Undead provides fantastic, hilarious zombie gore — fists that punch straight through heads, torsoless legs that walk around with their bloody spine sticking out, humans punching out zombie fish, and flesh peeling from faces. The effects are phenomenal, particularly when keeping in mind the film’s relatively low budget.

Zombie explanation: Aliens. Zombiedom comes and goes among Berkeley’s populace. The cure and infection are caught up in alien interference, but in a fantastic twist, the humans never figure that out. What they assumed was a life-saving gameplay instead brought about post-alien secondary infection and bam, we’ve got more zombies and a potential sequel. Love it.

Contribution to the zombie canon: Undead re-energizes the alien-zombie connection. It’s also one of the few movies in which there’s a cure for zombiedom. (Night of the Living Dorks comes to mind, as do various voodoo movies like The Serpent and the Rainbow and White Zombie.) And while this isn’t necessarily a contribution to zombie canon, I’d like to acknowledge it as one of the better homages to Sam Raimi’s style.

Favorite moment: Scalded by the stinging rain, our band of misfit heroes strip off their burning clothes. As they march into an abandoned store naked or in their underwear, they perfectly embody the helpless, delicious zombie buffet that everyone else has fallen prey to. And for favorite gory moment, the defaced zombie wins. *shudder*

Saturday, April 01, 2006

Night of the Living Dorks

Original title: Die Nacht der lebenden Loser. Directed by Mathias Dinter, 2004.

The annual Wisconsin Film Festival afforded us the opportunity to see this German gem in a theater full of zombie and film (and zombie film) fans. No comedy fails to benefit from a full theater-- especially one that serves alcohol. Bearing in mind that the raucous laughter of 200 people may have ennobled this movie beyond its worth, let's dive in.

Night of the Living Dorks is, at heart, a high school film. I hate high school films. Their empty stereotypes, their comedic injustices perpetrated against my cinematic avatars, their formulaic plots and facile resolutions... we hates them, precious. But (you knew there was a but coming, right?) the movie uses all of these expectations to great advantage. Zombie comedies already rely upon genre conventions; the addition of another genre's conventions only adds spice. Setting up social cliques doesn't give me Vietnam-style high school flashbacks when I know that zombies will rip through the popular kids by the second act.

This is a tight, fast, clever movie. And it's the little touches that make it. The zombifying agent-- cremated zombie remains-- are transported from Haiti to Germany via eBay. Our three hero-nerd-zombies attend Friedrich Nietzsche Gymnasium. As soon as they suspect that they might be fearsome flesh eaters, they watch Romero's Day of the Dead and celebrate by shouting "We're so the undead!" A zombie on meth crashes a house party and dances Thriller by the pool. Body parts like ears and testicles fall off and have to be stapled back on. Each of these things is awesome unto itself. Together, they create the feel-good zombie movie of the year. (That year apparently being 2004.)

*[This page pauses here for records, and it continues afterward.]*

(* Let $K$ be a field, $L$ a right $K$-vector space of dimension $\kappa>1$, and $R$ the endomorphism algebra of $L$. If $\kappa$ is finite, then $R$ has a multiplicative basis but no strong multiplicative basis. If $\kappa$ is infinite, then $R$ has no bounded basis.
   Context: Let $B$ be a $K$-linear basis of a $K$-algebra $R$. For $r\in R$ write $r=\sum_{b\in B} b k_b$, $\mathrm{supp}(r)=\{b\mid k_b\neq 0\}$, $\mathrm{cs}(r)=|\mathrm{supp}(r)|$. $B$ is $k$-bounded ($1\le k<\omega$) if $\mathrm{cs}(bb')\le k$ for all $b,b'\in B$, and bounded if $k$-bounded for some $k$. $B$ is multiplicative if for all $b,b'\in B$ either $bb'=0$ or $bb'\in B$; it is strong multiplicative if $bb'\in B$ for all $b,b'\in B$. *)

theory Defs
  imports Complex_Main "HOL-Library.Function_Algebras"
begin

text \<open>R = End_K(L) is the set of K-linear maps L \<rightarrow> L, sitting inside the
  K-vector space of all functions L \<Rightarrow> L (pointwise operations),
  with multiplication given by composition.\<close>

definition End_alg :: "('k::field \<Rightarrow> 'v::ab_group_add \<Rightarrow> 'v) \<Rightarrow> ('v \<Rightarrow> 'v) set" where
  "End_alg scale = {f. Vector_Spaces.linear scale scale f}"

definition fscale :: "('k::field \<Rightarrow> 'v::ab_group_add \<Rightarrow> 'v) \<Rightarrow> 'k \<Rightarrow> ('v \<Rightarrow> 'v) \<Rightarrow> ('v \<Rightarrow> 'v)" where
  "fscale scale c f = (\<lambda>x. scale c (f x))"

definition is_basis_End :: "('k::field \<Rightarrow> 'v::ab_group_add \<Rightarrow> 'v) \<Rightarrow> ('v \<Rightarrow> 'v) set \<Rightarrow> bool" where
  "is_basis_End scale B \<longleftrightarrow> B \<subseteq> End_alg scale \<and>
     \<not> module.dependent (fscale scale) B \<and> module.span (fscale scale) B = End_alg scale"
text \<open>alpha(eta) with the quotient norm |v + W| = infdist v W on V/W
  (for W = {0} this is the norm of V).\<close>
definition alpha :: "(real^'n^'n) measure \<Rightarrow> (real^'n) set \<Rightarrow> (real^'n) set measure \<Rightarrow> real" where
  "alpha \<mu> W \<eta> = (\<integral>L. (\<integral>g. ln (infdist (g *v rep W L) W / infdist (rep W L) W) \<partial>\<mu>) \<partial>\<eta>)"

end

theory Submission
  imports Defs
begin

text \<open>
  Choose measurably a representative of each line (the one whose first nonzero coordinate is 1)
  and push \<open>\<nu>\<close> forward to a probability \<open>n\<close> on \<open>V\<close>, carried by \<open>V - W\<close>.
  Then \<open>\<nu>\<close> and \<open>\<nu>bar\<close> are the images of \<open>n\<close> under \<open>x \<mapsto> [x]\<close> and \<open>x \<mapsto> [x + W]\<close>
  (the lines inside \<open>W\<close> being \<open>\<nu>\<close>-null), so both exponents are integrals over \<open>n \<times> \<mu>\<close> of cocycles
  \<open>\<sigma>\<^sub>U(g, x) = log (d(gx, U) / d(x, U))\<close>, with \<open>U = {0}\<close> and \<open>U = W\<close>.
  Both are bounded by \<open>log max(\<parallel>g\<parallel>, \<parallel>g\<inverse>\<parallel>)\<close>, hence integrable by the moment condition, and
  they differ by the coboundary \<open>f(gx) - f(x)\<close> of the homogeneous function
  \<open>f(x) = log (d(x, W) / |x|)\<close>.  Stationarity gives \<open>\<integral>\<integral> h(gx) d\<mu> dn = \<integral> h dn\<close> for bounded
  homogeneous \<open>h\<close>; applied to the truncations of \<open>f\<close> it shows, by dominated convergence,
  that the coboundary integrates to zero.
\<close>

section \<open>Measurable representatives of lines\<close>

definition is_pivot :: "real^'n \<Rightarrow> 'n \<Rightarrow> bool" where
  "is_pivot v i \<longleftrightarrow> v $ i \<noteq> 0 \<and> (\<forall>j. to_nat j < to_nat i \<longrightarrow> v $ j = 0)"

text \<open>The sum has a single nonzero term when \<open>v \<noteq> 0\<close>; it is written as a sum so that
  measurability is automatic.\<close>

definition pivot_inv :: "real^'n \<Rightarrow> real" where
  "pivot_inv v = (\<Sum>i\<in>UNIV. if is_pivot v i then inverse (v $ i) else 0)"

definition pivot_normalize :: "real^'n \<Rightarrow> real^'n" where
  "pivot_normalize v = pivot_inv v *\<^sub>R v"

lemma is_pivot_unique: "is_pivot v i \<Longrightarrow> is_pivot v j \<Longrightarrow> i = j"
  unfolding is_pivot_def by (metis linorder_neqE_nat to_nat_split)
(* Let $\alpha\in(0,1)$ and define $\|F\|=\max\{\|F\|_\infty,|\int_{-\infty}^0x\,dF(x)|\}$. Then for all distribution functions $F,G$ on $\mathbb R$ with $\|F\|<\infty$ and $\|G\|<\infty$, $$0\le\mathrm{CVaR}_\alpha(G)-\mathrm{CVaR}_\alpha(F)+\frac1\alpha\int_{-\infty}^{\mathrm{VaR}_\alpha(F)}\bigl(G(y)-F(y)\bigr)\,dy\le\frac1\alpha\|F-G\|\,\bigl|\mathrm{VaR}_\alpha(F)-\mathrm{VaR}_\alpha(G)\bigr|.$$
   Context: $\|F\|_\infty=\sup_x|F(x)|$. For a distribution function $F$, $\mathrm{VaR}_\alpha(F)=\inf\{y\in\mathbb R:F(y)\ge\alpha\}$ and $\mathrm{CVaR}_\alpha(F)=\mathrm{VaR}_\alpha(F)-\frac1\alpha\int_{-\infty}^{\mathrm{VaR}_\alpha(F)}F(y)\,dy$. *)

theory Defs
  imports "HOL-Analysis.Analysis"
begin

definition distribution_function :: "(real \<Rightarrow> real) \<Rightarrow> bool" where
  "distribution_function F \<longleftrightarrow>
     mono F \<and> (\<forall>x. continuous (at_right x) F) \<and>
     (F \<longlongrightarrow> 0) at_bot \<and> (F \<longlongrightarrow> 1) at_top"

definition neg_part_mean :: "(real \<Rightarrow> real) \<Rightarrow> real" where
  "neg_part_mean F = (LINT x:{..0}|interval_measure F. x)"

(* |int_{(-inf,0]} x dF(x)| < infinity  (integrand is nonpositive) *)
definition neg_part_mean_finite :: "(real \<Rightarrow> real) \<Rightarrow> bool" where
  "neg_part_mean_finite F \<longleftrightarrow>
     (\<integral>\<^sup>+ x. indicator {..0} x * ennreal (- x) \<partial>interval_measure F) < \<infinity>"

definition sup_norm :: "(real \<Rightarrow> real) \<Rightarrow> real" where
  "sup_norm H = (SUP x. \<bar>H x\<bar>)"

(* ||F - G|| = max { ||F - G||_inf , | int_{-inf}^0 x d(F - G)(x) | },
   the Stieltjes integral w.r.t. F - G being the difference of the integrals. *)
definition diff_norm :: "(real \<Rightarrow> real) \<Rightarrow> (real \<Rightarrow> real) \<Rightarrow> real" where
  "diff_norm F G = max (sup_norm (\<lambda>x. F x - G x)) \<bar>neg_part_mean F - neg_part_mean G\<bar>"

definition VaR :: "real \<Rightarrow> (real \<Rightarrow> real) \<Rightarrow> real" where
  "VaR \<alpha> F = Inf {y. F y \<ge> \<alpha>}"

definition CVaR :: "real \<Rightarrow> (real \<Rightarrow> real) \<Rightarrow> real" where
  "CVaR \<alpha> F = VaR \<alpha> F - (1 / \<alpha>) * (LINT y:{..VaR \<alpha> F}|lborel. F y)"

end

theory Submission
  imports Defs "HOL-Probability.Distribution_Functions"
begin

text \<open>
  Put \<open>v = VaR\<^sub>\<alpha>(F)\<close> and \<open>w = VaR\<^sub>\<alpha>(G)\<close>. Unfolding CVaR, \<open>\<alpha>\<close> times the middle expression
  equals \<open>\<alpha> (w - v) - \<integral>\<^sub>v\<^sup>w G\<close>, i.e. the integral of \<open>\<alpha> - G\<close> over \<open>[v, w]\<close> if \<open>v \<le> w\<close>, and
  of \<open>G - \<alpha>\<close> over \<open>[w, v]\<close> otherwise. Between the two quantiles one of \<open>F, G\<close> is below \<open>\<alpha>\<close>
  and the other is at least \<open>\<alpha>\<close>, so this integrand is nonnegative and bounded by
  \<open>\<bar>F - G\<bar> \<le> \<parallel>F - G\<parallel>\<close>. The moment condition on \<open>F\<close> and \<open>G\<close> only serves to make their
  integrals over half-lines \<open>(-\<infinity>, t]\<close> finite, by Tonelli.
\<close>

lemma distribution_function_mono:
  "distribution_function F \<Longrightarrow> x \<le> y \<Longrightarrow> F x \<le> F y"
  unfolding distribution_function_def mono_def by blast

lemma distribution_function_nonneg:
  assumes "distribution_function F"
  shows "0 \<le> F x"
proof -
  have "(F \<longlongrightarrow> 0) at_bot" using assms unfolding distribution_function_def by blast
  then show ?thesis
    by (rule tendsto_upperbound)
      (auto simp: eventually_at_bot_linorder intro: distribution_function_mono[OF assms])
qed

lemma distribution_function_le_1:
  assumes "distribution_function F"
  shows "F x \<le> 1"
proof -
  have "(F \<longlongrightarrow> 1) at_top" using assms unfolding distribution_function_def by blast
  then show ?thesis
    by (rule tendsto_lowerbound)
      (auto simp: eventually_at_top_linorder intro: distribution_function_mono[OF assms])
qed

lemma distribution_function_borel_measurable:
  "distribution_function F \<Longrightarrow> F \<in> borel_measurable borel"
  by (rule borel_measurable_mono) (simp add: distribution_function_def)

lemma abs_diff_le_diff_norm:
  assumes "distribution_function F" "distribution_function G"
  shows "\<bar>F y - G y\<bar> \<le> diff_norm F G"
proof -
  have "bdd_above (range (\<lambda>x. \<bar>F x - G x\<bar>))"
    using distribution_function_nonneg[OF assms(1)] distribution_function_le_1[OF assms(1)]
      distribution_function_nonneg[OF assms(2)] distribution_function_le_1[OF assms(2)]
    by (intro bdd_aboveI2[where M = 1]) (smt (verit))
  then have "\<bar>F y - G y\<bar> \<le> sup_norm (\<lambda>x. F x - G x)"
    unfolding sup_norm_def by (rule cSUP_upper[OF UNIV_I])
  then show ?thesis unfolding diff_norm_def by simp
qed
(* Let $S^0$ be a left ample adequate semigroup with semilattice of idempotents $E^0$, and let $I=\bigcup_{x\in E^0}L_x$ be a left regular band with semilattice transversal $E^0$. Suppose there is a left action $S^0\times I\to I$, $(x,e)\mapsto x\ast e$ (so $(xy)\ast e=x\ast(y\ast e)$), distributive over the multiplication of $I$ (so $x\ast(ef)=(x\ast e)(x\ast f)$), satisfying: 1. for all $x,y\in S^0$, $x\ast y^+=(xy)^+$; 2. if $x,x_1,x_2\in S^0$, $e_1\in L_{x_1^+}$, $e_2\in L_{x_2^+}$ and $x^+(x\ast e_1)=x^+(x\ast e_2)$ and $xx_1=xx_2$, then $x^\ast\ast e_1=x^\ast\ast e_2$ and $x^\ast x_1=x^\ast x_2$. Define on $W=\{(e,x)\in I\times S^0: e\in L_{x^+}\}$ the multiplication $(e,x)(g,y)=(e(x\ast g),xy)$. Then $W$ is a left adequate, quasi-adequate semigroup with an admissible, left ample, adequate transversal isomorphic to $S^0$. If in addition 3. $x^+\ast e=x^+e$ for all $e\in I$, $x\in S^0$, then $I(W)\cong I$. Moreover every left adequate, quasi-adequate semigroup with a left ample, admissible adequate transversal can be constructed (up to isomorphism) in this way.
   Context: For a semigroup $S$, $S^1$ is $S$ with an identity adjoined, $E(S)$ its idempotents, $\mathcal{L},\mathcal{R}$ Green's relations. $\mathcal{R}^\ast=\{(a,b):\forall x,y\in S^1,\ xa=ya\iff xb=yb\}$, $\mathcal{L}^\ast=\{(a,b):\forall x,y\in S^1,\ ax=ay\iff bx=by\}$. $S$ is abundant if each $\mathcal{R}^\ast$- and $\mathcal{L}^\ast$-class contains an idempotent; adequate if also idempotents commute (then $a^+$, $a^\ast$ are the unique idempotents $\mathcal{R}^\ast$-, resp. $\mathcal{L}^\ast$-related to $a$); left adequate if abundant and each $\mathcal{R}^\ast$-class contains a unique idempotent. An adequate semigroup $T$ is left ample if $ae=(ae)^+a$ for all $a\in T$, $e\in E(T)$. An abundant subsemigroup $U$ of abundant $S$ is a $\ast$-subsemigroup if $\mathcal{L}^\ast(U)=\mathcal{L}^\ast(S)\cap(U\times U)$, $\mathcal{R}^\ast(U)=\mathcal{R}^\ast(S)\cap(U\times U)$. An adequate $\ast$-subsemigroup $S^0$ of abundant $S$ is an adequate transversal if each $x\in S$ has a unique $\overline{x}\in S^0$ and idempotents $e,f$ (then unique, written $e_x,f_x$) with $x=e\overline{x}f$, $e\,\mathcal{L}\,\overline{x}^+$, $f\,\mathcal{R}\,\overline{x}^\ast$; $I(S)=\{e_x:x\in S\}$. Quasi-adequate: abundant with $E(S)$ a subsemigroup; the transversal is admissible if $\overline{xy}=\overline{x}\,\overline{y}$ for all $x,y$. A left regular band satisfies $xyx=xy$; $E^0$ is a semilattice transversal of $I$ if it is a subsemilattice of $I$ and each element of $I$ has exactly one inverse in $E^0$. For $x\in E^0$, $L_x$ is the $\mathcal{L}$-class of $x$ in $I$. *)

theory Defs
  imports Main
begin

definition semigroup :: "'a set \<Rightarrow> ('a \<Rightarrow> 'a \<Rightarrow> 'a) \<Rightarrow> bool" where
  "semigroup S m \<longleftrightarrow> (\<forall>x\<in>S. \<forall>y\<in>S. m x y \<in> S)
     \<and> (\<forall>x\<in>S. \<forall>y\<in>S. \<forall>z\<in>S. m (m x y) z = m x (m y z))"

definition idems :: "'a set \<Rightarrow> ('a \<Rightarrow> 'a \<Rightarrow> 'a) \<Rightarrow> 'a set" where
  "idems S m = {e \<in> S. m e e = e}"

text \<open>S^1: None is the adjoined identity.\<close>
definition S1 :: "'a set \<Rightarrow> 'a option set" where
  "S1 S = insert None (Some ` S)"

fun lmult1 :: "('a \<Rightarrow> 'a \<Rightarrow> 'a) \<Rightarrow> 'a option \<Rightarrow> 'a \<Rightarrow> 'a" where
  "lmult1 m None a = a"
| "lmult1 m (Some x) a = m x a"

fun rmult1 :: "('a \<Rightarrow> 'a \<Rightarrow> 'a) \<Rightarrow> 'a \<Rightarrow> 'a option \<Rightarrow> 'a" where
  "rmult1 m a None = a"
| "rmult1 m a (Some x) = m a x"

definition Rstar :: "'a set \<Rightarrow> ('a \<Rightarrow> 'a \<Rightarrow> 'a) \<Rightarrow> 'a \<Rightarrow> 'a \<Rightarrow> bool" where
  "Rstar S m a b \<longleftrightarrow> a \<in> S \<and> b \<in> S \<and>
     (\<forall>x\<in>S1 S. \<forall>y\<in>S1 S. lmult1 m x a = lmult1 m y a \<longleftrightarrow> lmult1 m x b = lmult1 m y b)"

definition Lstar :: "'a set \<Rightarrow> ('a \<Rightarrow> 'a \<Rightarrow> 'a) \<Rightarrow> 'a \<Rightarrow> 'a \<Rightarrow> bool" where
  "Lstar S m a b \<longleftrightarrow> a \<in> S \<and> b \<in> S \<and>
     (\<forall>x\<in>S1 S. \<forall>y\<in>S1 S. rmult1 m a x = rmult1 m a y \<longleftrightarrow> rmult1 m b x = rmult1 m b y)"

definition greenL :: "'a set \<Rightarrow> ('a \<Rightarrow> 'a \<Rightarrow> 'a) \<Rightarrow> 'a \<Rightarrow> 'a \<Rightarrow> bool" where
  "greenL S m a b \<longleftrightarrow> a \<in> S \<and> b \<in> S \<and>
     (\<lambda>x. lmult1 m x a) ` S1 S = (\<lambda>x. lmult1 m x b) ` S1 S"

There are some ludicrous suppositions in this film, but they spring from the high school formula. The general opinion of goths, for instance, and the vacationing parents cliche grate a little. But really, zombies aren't often placed in a strictly adolescent context. This novelty alongside the humor and craftmanship assisted my willing suspension of disbelief.

Zombie explanation: Voodoo-- marginally. The goth kids' graveyard ritual happens to involve real Haitian zombie ashes, and the nerd trio is accidentally doused. Then they die. Then they come back. As zombies. And continue going to class as usual.

Contribution to the zombie canon: Besides serving as a worthy heir to Shaun of the Dead in terms of zombie comedy, Night of the Living Dorks combines zombies with typical high school clique film conventions. Awkward adolescent hilarity ensues! Also gore!

Favorite moment: The wicked zombie and his insatiable appetite for flesh and vengeance appealed to me.